All that should appear is the run of lines from the one containing "real (Suc l)" through the end of the records, each repeated exactly.

· · · · ·

(* For all $n,k\in\mathbb{N}$ with $k\ge1$ and $n\ge k+2$, we have $\tau_{n,k}^2<\delta_{n,k}^2=A_{n,k}B_{n,k}$, where $$A_{n,k}=\frac{((2k-1)!!)^2}{k^{2k}}\sum_{m=0}^{k-1}\frac{c_{m,k}}{k^{2m}}\,\frac{n^{2m}}{(n^2-1^2)\cdots(n^2-m^2)},\qquad B_{n,k}=\frac{n^{2k}}{n^2(n^2-1^2)\cdots(n^2-(k-1)^2)},$$ with $c_{0,k}=1$ and $c_{m,k}=\binom{k-1+m}{2m}((2m-1)!!)^2$ for $m\ge1$ (the empty product for $m=0$ being $1$).
   Context: $T_n$ denotes the Chebyshev polynomial of the first kind of degree $n$, $T_n(\cos\theta)=\cos n\theta$. For integers $n\ge k+2$, $k\ge 1$, let $\omega_{n,k}$ be the rightmost (largest) zero of $T_n^{(k+1)}$ and define $\tau_{n,k}:=|T_n^{(k)}(\omega_{n,k})|/T_n^{(k)}(1)$. Let $S_n(x):=\frac1n\sqrt{1-x^2}\,T_n'(x)$ and $D_{n,k}(x):=\big([T_n^{(k)}(x)]^2+[S_n^{(k)}(x)]^2\big)^{1/2}$ for $x\in(-1,1)$. With $x_k:=(1-k^2/n^2)^{1/2}$, set $\delta_{n,k}:=D_{n,k}(x_k)/T_n^{(k)}(1)$. *)

theory Defs
  imports "HOL-Analysis.Analysis" "HOL-Computational_Algebra.Polynomial"
begin

text \<open>Chebyshev polynomials of the first kind, via the three-term recurrence
  T_0 = 1, T_1 = x, T_(n+2) = 2 x T_(n+1) - T_n (so that T_n(cos t) = cos(n t)).\<close>
fun cheb :: "nat \<Rightarrow> real poly" where
  "cheb 0 = 1"
| "cheb (Suc 0) = [:0, 1:]"
| "cheb (Suc (Suc n)) = smult 2 [:0, 1:] * cheb (Suc n) - cheb n"

definition chebD :: "nat \<Rightarrow> nat \<Rightarrow> real \<Rightarrow> real" where
  "chebD n k x = poly ((pderiv ^^ k) (cheb n)) x"

definition omega :: "nat \<Rightarrow> nat \<Rightarrow> real" where
  "omega n k = Max {x::real. poly ((pderiv ^^ (k + 1)) (cheb n)) x = 0}"

definition tau :: "nat \<Rightarrow> nat \<Rightarrow> real" where
  "tau n k = \<bar>chebD n k (omega n k)\<bar> / chebD n k 1"

definition chebS :: "nat \<Rightarrow> real \<Rightarrow> real" where
  "chebS n x = (1 / real n) * sqrt (1 - x\<^sup>2) * poly (pderiv (cheb n)) x"

definition chebDD :: "nat \<Rightarrow> nat \<Rightarrow> real \<Rightarrow> real" where
  "chebDD n k x = sqrt ((chebD n k x)\<^sup>2 + ((deriv ^^ k) (chebS n) x)\<^sup>2)"

definition xk :: "nat \<Rightarrow> nat \<Rightarrow> real" where
  "xk n k = sqrt (1 - (real k)\<^sup>2 / (real n)\<^sup>2)"

definition delta :: "nat \<Rightarrow> nat \<Rightarrow> real" where
  "delta n k = chebDD n k (xk n k) / chebD n k 1"

fun dfact :: "nat \<Rightarrow> nat" where
  "dfact 0 = 1"
| "dfact (Suc 0) = 1"
| "dfact (Suc (Suc m)) = Suc (Suc m) * dfact m"

definition ccoef :: "nat \<Rightarrow> nat \<Rightarrow> real" where
  "ccoef m k = (if m = 0 then 1
               else real ((k - 1 + m) choose (2 * m)) * (real (dfact (2 * m - 1)))\<^sup>2)"

definition Acoef :: "nat \<Rightarrow> nat \<Rightarrow> real" where
  "Acoef n k = (real (dfact (2 * k - 1)))\<^sup>2 / (real k) ^ (2 * k) *
     (\<Sum>m = 0..<k. ccoef m k / (real k) ^ (2 * m) *
        ((real n) ^ (2 * m) / (\<Prod>j = 1..m. (real n)\<^sup>2 - (real j)\<^sup>2)))"

definition Bcoef :: "nat \<Rightarrow> nat \<Rightarrow> real" where
  "Bcoef n k = (real n) ^ (2 * k) /
     ((real n)\<^sup>2 * (\<Prod>j = 1..k - 1. (real n)\<^sup>2 - (real j)\<^sup>2))"

end

theory Submission
  imports Defs
begin

text \<open>Both f_j = T_n^(j) and f_j = S_n^(j) satisfy the three-term relation
  (1 - x^2) f_(j+2) = (2j + 1) x f_(j+1) - (n^2 - j^2) f_j. Consequently the squared envelope
  D_(n,k)^2 = (T_n^(k))^2 + (S_n^(k))^2 and the cross term T_n^(k) T_n^(k+1) + S_n^(k) S_n^(k+1)
  obey a closed recurrence in k, which starts from the Pell identity D_(n,1)^2 = n^2 / (1 - x^2).
  Its solution is n^2 times a polynomial with nonnegative coefficients in y = 1 / (1 - x^2); at x_k,
  where y = n^2 / k^2, it evaluates to A_(n,k) B_(n,k), and it increases with |x|.

  The largest zero omega of T_n^(k+1) lies in [0, x_k): it is nonnegative by parity, and a zero
  z >= x_k is excluded by a maximum argument for (1 - x^2)^(k+1) (T_n^(k+1))^2 on [z, 1]. Hence
  tau^2 <= D_(n,k)(omega)^2 / T_n^(k)(1)^2 < D_(n,k)(x_k)^2 / T_n^(k)(1)^2 = delta^2.\<close>

section \<open>Chebyshev polynomials\<close>

abbreviation T :: "nat \<Rightarrow> real \<Rightarrow> real" where "T n x \<equiv> poly (cheb n) x"
abbreviation T' :: "nat \<Rightarrow> real \<Rightarrow> real" where "T' n x \<equiv> poly (pderiv (cheb n)) x"
abbreviation T'' :: "nat \<Rightarrow> real \<Rightarrow> real" where "T'' n x \<equiv> poly (pderiv (pderiv (cheb n))) x"

lemma poly_cheb_Suc_Suc: "T (Suc (Suc n)) x = 2 * x * T (Suc n) x - T n x"
  by (simp add: algebra_simps)

lemma poly_pderiv_cheb_Suc_Suc: "T' (Suc (Suc n)) x = 2 * T (Suc n) x + 2 * x * T' (Suc n) x - T' n x"
  by (simp add: pderiv_mult pderiv_diff pderiv_smult pderiv_pCons algebra_simps)

lemma cheb_at_1: "T n 1 = 1"
proof -
  have "T n 1 = 1 \<and> T (Suc n) 1 = 1"
    by (induction n) (simp_all add: poly_cheb_Suc_Suc)
  then show ?thesis ..
qed

lemma cheb_minus: "T n (- x) = (-1) ^ n * T n x"
  by (induction n rule: cheb.induct) (simp_all add: algebra_simps)

lemma degree_cheb: "degree (cheb n) \<le> n"
proof (induction n rule: cheb.induct)
  case (3 n)
  have "degree (smult 2 [:0, 1:] * cheb (Suc n)) \<le> Suc (Suc n)"
    using degree_mult_le[of "smult 2 [:0, 1::real:]" "cheb (Suc n)"] 3 by simp
  moreover have "degree (cheb n) \<le> Suc (Suc n)" using 3 by simp
  ultimately show ?case by (simp only: cheb.simps(3) degree_diff_le)
qed simp_all

lemma cheb_pderiv_Suc: "(1 - x\<^sup>2) * T' (Suc n) x = real (Suc n) * (T n x - x * T (Suc n) x)"
proof (induction n rule: nat_less_induct)
  case (1 n)
  consider "n = 0" | "n = 1" | l where "n = Suc (Suc l)"
    by (metis One_nat_def not0_implies_Suc)
  then show ?case
  proof cases
    case 3
    have IH: "(1 - x\<^sup>2) * T' (Suc l) x = real (Suc l) * (T l x - x * T (Suc l) x)"
      "(1 - x\<^sup>2) * T' (Suc (Suc l)) x = real (Suc (Suc l)) * (T (Suc l) x - x * T (Suc (Suc l)) x)"
      using 1 3 by auto
    have "(1 - x\<^sup>2) * T' (Suc (Suc (Suc l))) x
        = 2 * (1 - x\<^sup>2) * T (Suc (Suc l)) x + 2 * x * ((1 - x\<^sup>2) * T' (Suc (Suc l)) x)
          - (1 - x\<^sup>2) * T' (Suc l) x"
      by (simp only: poly_pderiv_cheb_Suc_Suc) (simp add: algebra_simps)
    also have "\<dots> = real (Suc (Suc (Suc l))) * (T (Suc (Suc l)) x - x * T (Suc (Suc (Suc l))) x)"
      unfolding IH poly_cheb_Suc_Suc[of "Suc l"] poly_cheb_Suc_Suc[of l]
      by (simp add: algebra_simps power2_eq_square)
    finally show ?thesis using 3 by simp
  qed (simp_all add: numeral_2_eq_2 pderiv_pCons pderiv_diff pderiv_smult algebra_simps power2_eq_square)
qed

lemma cheb_pderiv: "(1 - x\<^sup>2) * T' n x = real n * (x * T n x - T (Suc n) x)"
proof (cases n)
  case (Suc m)
  then show ?thesis using cheb_pderiv_Suc[of x m] poly_cheb_Suc_Suc[of m x] by (simp add: algebra_simps)
qed simp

· · · · ·

EXERCISE OUTPUT -
    have IH: "(1 - x\<^sup>2) * T' (Suc l) x = real (Suc l) * (T l x - x * T (Suc l) x)"
      "(1 - x\<^sup>2) * T' (Suc (Suc l)) x = real (Suc (Suc l)) * (T (Suc l) x - x * T (Suc (Suc l)) x)"
      using 1 3 by auto
    have "(1 - x\<^sup>2) * T' (Suc (Suc (Suc l))) x
        = 2 * (1 - x\<^sup>2) * T (Suc (Suc l)) x + 2 * x * ((1 - x\<^sup>2) * T' (Suc (Suc l)) x)
          - (1 - x\<^sup>2) * T' (Suc l) x"
      by (simp only: poly_pderiv_cheb_Suc_Suc) (simp add: algebra_simps)
    also have "\<dots> = real (Suc (Suc (Suc l))) * (T (Suc (Suc l)) x - x * T (Suc (Suc (Suc l))) x)"
      unfolding IH poly_cheb_Suc_Suc[of "Suc l"] poly_cheb_Suc_Suc[of l]
      by (simp add: algebra_simps power2_eq_square)
    finally show ?thesis using 3 by simp
  qed (simp_all add: numeral_2_eq_2 pderiv_pCons pderiv_diff pderiv_smult algebra_simps power2_eq_square)
qed

lemma cheb_pderiv: "(1 - x\<^sup>2) * T' n x = real n * (x * T n x - T (Suc n) x)"
proof (cases n)
  case (Suc m)
  then show ?thesis using cheb_pderiv_Suc[of x m] poly_cheb_Suc_Suc[of m x] by (simp add: algebra_simps)
qed simp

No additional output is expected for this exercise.